Problem requirements:
In the entries below, spot each line with the word "swap" and copy it.

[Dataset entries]
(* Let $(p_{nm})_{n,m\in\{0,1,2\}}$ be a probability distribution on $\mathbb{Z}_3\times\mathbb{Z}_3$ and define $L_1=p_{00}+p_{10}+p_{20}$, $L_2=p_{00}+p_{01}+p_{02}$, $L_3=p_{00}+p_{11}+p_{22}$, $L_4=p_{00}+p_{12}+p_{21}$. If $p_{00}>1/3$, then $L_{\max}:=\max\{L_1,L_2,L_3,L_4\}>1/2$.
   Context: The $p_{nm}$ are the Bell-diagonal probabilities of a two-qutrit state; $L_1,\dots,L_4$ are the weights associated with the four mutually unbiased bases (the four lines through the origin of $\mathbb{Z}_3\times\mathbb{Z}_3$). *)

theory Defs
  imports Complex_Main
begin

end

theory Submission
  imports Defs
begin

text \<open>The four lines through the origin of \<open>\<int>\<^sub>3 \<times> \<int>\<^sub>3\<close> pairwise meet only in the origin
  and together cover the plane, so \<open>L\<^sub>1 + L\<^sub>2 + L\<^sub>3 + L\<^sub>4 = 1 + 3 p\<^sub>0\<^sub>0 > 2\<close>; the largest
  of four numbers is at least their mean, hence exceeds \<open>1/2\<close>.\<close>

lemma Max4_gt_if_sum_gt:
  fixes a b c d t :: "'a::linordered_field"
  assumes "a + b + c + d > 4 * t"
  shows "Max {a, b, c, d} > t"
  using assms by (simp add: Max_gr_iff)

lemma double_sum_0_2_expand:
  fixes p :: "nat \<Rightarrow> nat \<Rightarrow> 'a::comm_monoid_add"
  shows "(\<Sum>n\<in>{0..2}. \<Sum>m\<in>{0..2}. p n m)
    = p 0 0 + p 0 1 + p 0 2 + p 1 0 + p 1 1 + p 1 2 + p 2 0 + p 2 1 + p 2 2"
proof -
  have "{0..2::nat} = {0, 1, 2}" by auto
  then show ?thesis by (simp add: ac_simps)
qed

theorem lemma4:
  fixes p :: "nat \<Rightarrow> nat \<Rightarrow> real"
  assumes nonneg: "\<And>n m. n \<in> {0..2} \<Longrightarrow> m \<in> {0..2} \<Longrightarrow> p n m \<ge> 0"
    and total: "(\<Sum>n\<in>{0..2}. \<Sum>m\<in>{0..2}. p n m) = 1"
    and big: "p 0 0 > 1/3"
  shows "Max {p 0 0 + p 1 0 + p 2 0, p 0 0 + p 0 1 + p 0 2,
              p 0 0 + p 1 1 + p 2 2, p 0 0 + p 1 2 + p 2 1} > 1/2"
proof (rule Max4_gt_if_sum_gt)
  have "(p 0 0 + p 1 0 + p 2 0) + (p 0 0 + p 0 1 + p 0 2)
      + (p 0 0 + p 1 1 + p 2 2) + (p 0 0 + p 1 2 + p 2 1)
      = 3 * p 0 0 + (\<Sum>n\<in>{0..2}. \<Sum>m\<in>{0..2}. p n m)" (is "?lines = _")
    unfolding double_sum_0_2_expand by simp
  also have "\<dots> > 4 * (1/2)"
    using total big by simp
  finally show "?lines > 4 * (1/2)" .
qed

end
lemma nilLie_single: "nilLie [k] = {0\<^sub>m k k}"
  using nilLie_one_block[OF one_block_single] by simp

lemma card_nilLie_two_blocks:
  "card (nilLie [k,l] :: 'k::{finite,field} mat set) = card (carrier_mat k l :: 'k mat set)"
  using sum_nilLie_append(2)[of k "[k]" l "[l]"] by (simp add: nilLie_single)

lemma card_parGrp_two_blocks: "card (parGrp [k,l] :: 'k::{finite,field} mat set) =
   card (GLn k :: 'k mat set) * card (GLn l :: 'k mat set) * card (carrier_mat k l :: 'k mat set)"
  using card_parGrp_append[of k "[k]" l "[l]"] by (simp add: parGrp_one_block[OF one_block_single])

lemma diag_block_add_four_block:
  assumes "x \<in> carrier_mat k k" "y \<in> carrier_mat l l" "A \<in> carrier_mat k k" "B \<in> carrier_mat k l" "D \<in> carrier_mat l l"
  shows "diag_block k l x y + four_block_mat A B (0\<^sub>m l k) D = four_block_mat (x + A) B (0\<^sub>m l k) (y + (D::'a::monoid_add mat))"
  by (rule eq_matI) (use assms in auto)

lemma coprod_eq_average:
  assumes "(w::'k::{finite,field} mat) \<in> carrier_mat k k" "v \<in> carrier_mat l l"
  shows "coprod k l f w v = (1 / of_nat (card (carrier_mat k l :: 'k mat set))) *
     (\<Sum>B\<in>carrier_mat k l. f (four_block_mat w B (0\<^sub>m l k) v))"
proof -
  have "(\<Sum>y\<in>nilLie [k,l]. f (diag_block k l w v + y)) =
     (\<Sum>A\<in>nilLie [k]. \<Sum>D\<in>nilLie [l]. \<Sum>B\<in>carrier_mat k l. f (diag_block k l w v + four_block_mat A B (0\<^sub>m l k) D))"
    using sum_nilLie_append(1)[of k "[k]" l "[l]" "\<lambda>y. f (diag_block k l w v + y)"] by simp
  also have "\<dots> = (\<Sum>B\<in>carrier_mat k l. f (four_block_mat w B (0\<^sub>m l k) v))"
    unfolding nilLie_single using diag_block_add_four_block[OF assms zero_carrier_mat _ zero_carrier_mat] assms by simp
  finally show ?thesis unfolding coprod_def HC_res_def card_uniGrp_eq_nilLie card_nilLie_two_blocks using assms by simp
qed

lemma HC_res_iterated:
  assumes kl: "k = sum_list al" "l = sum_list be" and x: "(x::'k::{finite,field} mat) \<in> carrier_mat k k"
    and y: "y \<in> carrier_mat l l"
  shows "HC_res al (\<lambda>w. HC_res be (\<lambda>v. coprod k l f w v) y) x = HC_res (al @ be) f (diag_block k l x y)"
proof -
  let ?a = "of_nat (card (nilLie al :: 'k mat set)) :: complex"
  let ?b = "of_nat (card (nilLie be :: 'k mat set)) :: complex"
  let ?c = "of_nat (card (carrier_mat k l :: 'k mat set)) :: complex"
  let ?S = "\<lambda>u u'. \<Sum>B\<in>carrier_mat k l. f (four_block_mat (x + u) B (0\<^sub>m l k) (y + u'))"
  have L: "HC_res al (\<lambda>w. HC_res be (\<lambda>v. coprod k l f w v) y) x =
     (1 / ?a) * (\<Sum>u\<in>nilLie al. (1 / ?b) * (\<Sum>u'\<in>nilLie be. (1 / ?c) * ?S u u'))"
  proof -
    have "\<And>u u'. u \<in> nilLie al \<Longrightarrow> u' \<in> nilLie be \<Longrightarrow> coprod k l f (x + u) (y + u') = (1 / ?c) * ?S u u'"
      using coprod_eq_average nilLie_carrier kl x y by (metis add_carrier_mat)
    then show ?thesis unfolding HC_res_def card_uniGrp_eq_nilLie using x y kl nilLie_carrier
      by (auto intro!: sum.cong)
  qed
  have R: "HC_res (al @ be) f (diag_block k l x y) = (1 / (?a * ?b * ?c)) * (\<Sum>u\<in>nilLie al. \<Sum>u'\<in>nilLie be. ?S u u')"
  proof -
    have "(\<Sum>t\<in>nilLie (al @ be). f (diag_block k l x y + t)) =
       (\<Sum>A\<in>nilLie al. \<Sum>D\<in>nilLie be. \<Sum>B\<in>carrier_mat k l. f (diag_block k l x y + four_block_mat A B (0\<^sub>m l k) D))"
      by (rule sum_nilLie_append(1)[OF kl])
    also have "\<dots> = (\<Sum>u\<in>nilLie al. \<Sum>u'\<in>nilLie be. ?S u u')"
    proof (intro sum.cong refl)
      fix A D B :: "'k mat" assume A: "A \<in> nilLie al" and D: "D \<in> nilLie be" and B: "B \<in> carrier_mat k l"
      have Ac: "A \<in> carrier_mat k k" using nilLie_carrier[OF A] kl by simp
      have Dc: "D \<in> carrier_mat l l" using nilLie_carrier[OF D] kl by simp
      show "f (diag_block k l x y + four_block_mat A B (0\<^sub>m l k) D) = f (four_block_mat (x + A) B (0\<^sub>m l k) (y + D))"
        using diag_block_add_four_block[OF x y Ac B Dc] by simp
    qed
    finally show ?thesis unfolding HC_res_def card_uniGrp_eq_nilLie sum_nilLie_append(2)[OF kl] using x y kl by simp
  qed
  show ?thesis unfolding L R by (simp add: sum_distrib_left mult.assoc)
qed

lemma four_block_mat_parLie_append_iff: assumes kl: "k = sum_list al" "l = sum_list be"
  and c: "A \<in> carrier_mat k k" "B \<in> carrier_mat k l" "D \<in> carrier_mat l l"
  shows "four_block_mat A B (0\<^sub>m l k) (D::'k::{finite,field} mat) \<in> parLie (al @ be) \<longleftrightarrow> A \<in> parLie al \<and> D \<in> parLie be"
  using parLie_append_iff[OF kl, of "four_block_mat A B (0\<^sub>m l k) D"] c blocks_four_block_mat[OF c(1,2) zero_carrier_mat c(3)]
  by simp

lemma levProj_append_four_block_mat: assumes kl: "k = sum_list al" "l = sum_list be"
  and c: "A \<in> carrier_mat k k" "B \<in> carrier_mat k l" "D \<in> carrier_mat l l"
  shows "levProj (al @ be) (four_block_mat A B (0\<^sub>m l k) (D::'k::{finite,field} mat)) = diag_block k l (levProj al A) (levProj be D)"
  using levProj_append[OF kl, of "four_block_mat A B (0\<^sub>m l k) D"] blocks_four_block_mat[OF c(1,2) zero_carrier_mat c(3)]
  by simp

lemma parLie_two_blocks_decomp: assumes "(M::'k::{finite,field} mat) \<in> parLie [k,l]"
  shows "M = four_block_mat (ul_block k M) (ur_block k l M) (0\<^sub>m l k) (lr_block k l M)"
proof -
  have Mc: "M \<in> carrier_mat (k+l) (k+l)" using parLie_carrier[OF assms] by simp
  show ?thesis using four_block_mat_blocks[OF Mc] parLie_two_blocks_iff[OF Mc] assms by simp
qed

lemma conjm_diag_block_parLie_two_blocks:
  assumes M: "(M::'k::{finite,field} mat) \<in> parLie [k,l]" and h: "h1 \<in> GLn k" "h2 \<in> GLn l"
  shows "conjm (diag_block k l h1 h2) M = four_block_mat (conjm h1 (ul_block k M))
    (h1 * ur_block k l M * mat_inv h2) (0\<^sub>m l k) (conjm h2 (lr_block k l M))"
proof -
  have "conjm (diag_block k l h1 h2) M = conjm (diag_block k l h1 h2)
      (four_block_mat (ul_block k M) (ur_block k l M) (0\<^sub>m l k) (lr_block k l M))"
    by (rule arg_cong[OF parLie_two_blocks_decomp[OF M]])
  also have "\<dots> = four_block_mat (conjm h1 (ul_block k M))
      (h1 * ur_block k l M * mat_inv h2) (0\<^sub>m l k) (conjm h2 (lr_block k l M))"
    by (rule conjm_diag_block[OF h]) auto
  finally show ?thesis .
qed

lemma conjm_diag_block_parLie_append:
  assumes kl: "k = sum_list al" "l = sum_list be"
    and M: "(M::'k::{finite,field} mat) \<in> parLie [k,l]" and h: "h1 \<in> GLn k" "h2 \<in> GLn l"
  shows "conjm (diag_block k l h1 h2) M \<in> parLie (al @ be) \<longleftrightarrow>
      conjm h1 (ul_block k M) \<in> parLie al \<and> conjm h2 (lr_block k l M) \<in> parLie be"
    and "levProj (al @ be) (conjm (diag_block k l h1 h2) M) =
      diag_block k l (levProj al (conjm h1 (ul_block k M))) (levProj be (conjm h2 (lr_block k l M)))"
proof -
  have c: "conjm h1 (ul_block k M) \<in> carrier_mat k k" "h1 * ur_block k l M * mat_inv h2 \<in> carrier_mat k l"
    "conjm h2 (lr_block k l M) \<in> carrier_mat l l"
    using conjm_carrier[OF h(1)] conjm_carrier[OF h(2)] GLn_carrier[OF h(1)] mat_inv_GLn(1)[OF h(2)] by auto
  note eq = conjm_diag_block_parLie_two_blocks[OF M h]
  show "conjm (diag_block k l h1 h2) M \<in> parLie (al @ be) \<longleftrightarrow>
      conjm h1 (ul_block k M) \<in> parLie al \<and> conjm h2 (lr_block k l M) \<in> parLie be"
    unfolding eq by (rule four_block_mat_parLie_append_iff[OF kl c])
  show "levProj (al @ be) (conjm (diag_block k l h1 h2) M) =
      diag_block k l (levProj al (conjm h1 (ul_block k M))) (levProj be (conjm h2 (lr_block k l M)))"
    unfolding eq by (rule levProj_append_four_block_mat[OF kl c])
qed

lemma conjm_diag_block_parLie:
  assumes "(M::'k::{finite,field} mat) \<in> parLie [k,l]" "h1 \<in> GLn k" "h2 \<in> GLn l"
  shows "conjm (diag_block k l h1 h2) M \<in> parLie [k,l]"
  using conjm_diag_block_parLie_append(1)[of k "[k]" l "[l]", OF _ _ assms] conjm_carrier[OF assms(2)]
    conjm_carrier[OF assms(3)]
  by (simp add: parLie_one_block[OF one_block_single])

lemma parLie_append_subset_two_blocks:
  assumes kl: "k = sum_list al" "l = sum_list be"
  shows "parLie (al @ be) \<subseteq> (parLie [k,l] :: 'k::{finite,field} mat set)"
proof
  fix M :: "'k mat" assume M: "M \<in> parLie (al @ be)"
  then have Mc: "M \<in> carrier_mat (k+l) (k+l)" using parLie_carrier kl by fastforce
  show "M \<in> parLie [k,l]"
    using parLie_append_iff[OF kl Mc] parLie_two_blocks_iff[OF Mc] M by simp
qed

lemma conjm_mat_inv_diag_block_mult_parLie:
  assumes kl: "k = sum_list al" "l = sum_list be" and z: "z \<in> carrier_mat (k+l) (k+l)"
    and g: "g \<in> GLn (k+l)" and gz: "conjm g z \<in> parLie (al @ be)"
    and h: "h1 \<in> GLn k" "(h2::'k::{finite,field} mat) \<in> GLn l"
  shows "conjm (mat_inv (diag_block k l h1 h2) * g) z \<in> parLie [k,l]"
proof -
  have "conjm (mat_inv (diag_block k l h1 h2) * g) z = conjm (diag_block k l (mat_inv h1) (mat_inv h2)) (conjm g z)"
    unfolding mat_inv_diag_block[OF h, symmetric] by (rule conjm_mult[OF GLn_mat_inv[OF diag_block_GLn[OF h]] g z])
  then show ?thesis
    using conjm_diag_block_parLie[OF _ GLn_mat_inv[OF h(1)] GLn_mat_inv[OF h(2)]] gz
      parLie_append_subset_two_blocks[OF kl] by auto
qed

==

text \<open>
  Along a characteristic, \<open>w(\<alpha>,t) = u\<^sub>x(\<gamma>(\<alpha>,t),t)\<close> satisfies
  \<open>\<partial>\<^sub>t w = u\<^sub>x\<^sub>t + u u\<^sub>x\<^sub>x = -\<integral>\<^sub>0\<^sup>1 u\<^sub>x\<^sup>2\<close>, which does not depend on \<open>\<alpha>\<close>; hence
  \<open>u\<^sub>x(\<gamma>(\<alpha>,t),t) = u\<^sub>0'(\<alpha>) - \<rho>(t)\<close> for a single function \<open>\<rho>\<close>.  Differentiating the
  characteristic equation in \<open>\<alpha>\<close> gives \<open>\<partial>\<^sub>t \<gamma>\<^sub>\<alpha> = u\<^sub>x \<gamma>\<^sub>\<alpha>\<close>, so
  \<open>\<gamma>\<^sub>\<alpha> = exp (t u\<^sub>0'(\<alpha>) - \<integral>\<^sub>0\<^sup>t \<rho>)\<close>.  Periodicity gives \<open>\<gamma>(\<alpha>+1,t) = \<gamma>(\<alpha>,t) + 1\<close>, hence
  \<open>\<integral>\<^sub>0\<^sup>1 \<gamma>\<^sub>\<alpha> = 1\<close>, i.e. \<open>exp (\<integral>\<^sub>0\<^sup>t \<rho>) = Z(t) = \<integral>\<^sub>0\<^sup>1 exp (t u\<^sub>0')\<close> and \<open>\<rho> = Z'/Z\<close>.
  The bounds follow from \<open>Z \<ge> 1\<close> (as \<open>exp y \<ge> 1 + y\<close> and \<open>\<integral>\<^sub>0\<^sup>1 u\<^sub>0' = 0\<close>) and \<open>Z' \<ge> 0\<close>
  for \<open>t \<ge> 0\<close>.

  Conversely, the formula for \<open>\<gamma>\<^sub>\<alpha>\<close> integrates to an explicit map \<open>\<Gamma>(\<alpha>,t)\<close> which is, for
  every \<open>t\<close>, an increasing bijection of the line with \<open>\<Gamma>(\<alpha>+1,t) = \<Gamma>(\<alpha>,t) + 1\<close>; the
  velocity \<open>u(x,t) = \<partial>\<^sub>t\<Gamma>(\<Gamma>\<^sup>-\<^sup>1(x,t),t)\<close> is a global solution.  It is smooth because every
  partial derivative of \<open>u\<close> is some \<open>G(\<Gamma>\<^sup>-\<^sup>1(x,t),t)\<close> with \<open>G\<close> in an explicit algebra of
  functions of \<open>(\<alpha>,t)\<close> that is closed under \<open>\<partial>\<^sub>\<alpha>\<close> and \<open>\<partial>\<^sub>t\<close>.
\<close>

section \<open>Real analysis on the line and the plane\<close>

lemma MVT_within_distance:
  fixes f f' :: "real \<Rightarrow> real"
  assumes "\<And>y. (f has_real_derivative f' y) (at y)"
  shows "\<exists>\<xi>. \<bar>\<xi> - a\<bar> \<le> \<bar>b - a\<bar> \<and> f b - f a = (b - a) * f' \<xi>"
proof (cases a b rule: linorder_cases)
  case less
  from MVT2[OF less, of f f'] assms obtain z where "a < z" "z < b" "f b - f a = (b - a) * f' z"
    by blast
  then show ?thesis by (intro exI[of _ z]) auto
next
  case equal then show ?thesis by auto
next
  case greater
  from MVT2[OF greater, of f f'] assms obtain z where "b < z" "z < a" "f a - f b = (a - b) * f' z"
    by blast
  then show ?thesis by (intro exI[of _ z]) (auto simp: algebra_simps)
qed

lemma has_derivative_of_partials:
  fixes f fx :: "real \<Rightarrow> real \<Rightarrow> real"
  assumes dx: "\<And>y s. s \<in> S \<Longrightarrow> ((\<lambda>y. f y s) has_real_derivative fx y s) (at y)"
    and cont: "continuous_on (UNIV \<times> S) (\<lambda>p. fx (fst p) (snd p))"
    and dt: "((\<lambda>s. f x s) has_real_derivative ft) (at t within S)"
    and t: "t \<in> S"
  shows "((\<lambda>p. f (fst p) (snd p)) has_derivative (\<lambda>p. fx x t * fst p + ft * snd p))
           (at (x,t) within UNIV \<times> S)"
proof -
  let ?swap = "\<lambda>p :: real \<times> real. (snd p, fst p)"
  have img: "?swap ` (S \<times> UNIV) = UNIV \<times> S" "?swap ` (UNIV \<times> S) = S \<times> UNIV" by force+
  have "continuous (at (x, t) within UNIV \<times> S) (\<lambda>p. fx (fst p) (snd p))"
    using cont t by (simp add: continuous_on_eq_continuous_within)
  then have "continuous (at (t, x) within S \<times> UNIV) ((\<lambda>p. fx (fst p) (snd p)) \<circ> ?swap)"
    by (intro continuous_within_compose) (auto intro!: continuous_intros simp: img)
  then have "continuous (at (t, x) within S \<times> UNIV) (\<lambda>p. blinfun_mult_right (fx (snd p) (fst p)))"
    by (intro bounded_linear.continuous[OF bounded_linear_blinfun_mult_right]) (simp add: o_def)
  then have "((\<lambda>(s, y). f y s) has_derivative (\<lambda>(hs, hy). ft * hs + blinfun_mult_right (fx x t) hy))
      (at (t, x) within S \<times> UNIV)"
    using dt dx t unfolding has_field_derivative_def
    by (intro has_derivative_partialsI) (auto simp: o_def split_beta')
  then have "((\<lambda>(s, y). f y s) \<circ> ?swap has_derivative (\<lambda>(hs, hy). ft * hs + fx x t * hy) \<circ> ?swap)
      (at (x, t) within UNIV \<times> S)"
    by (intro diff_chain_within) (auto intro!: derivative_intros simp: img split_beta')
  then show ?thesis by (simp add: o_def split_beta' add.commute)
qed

Solution to this problem:
  let ?swap = "\<lambda>p :: real \<times> real. (snd p, fst p)"
  have img: "?swap ` (S \<times> UNIV) = UNIV \<times> S" "?swap ` (UNIV \<times> S) = S \<times> UNIV" by force+
  then have "continuous (at (t, x) within S \<times> UNIV) ((\<lambda>p. fx (fst p) (snd p)) \<circ> ?swap)"
  then have "((\<lambda>(s, y). f y s) \<circ> ?swap has_derivative (\<lambda>(hs, hy). ft * hs + fx x t * hy) \<circ> ?swap)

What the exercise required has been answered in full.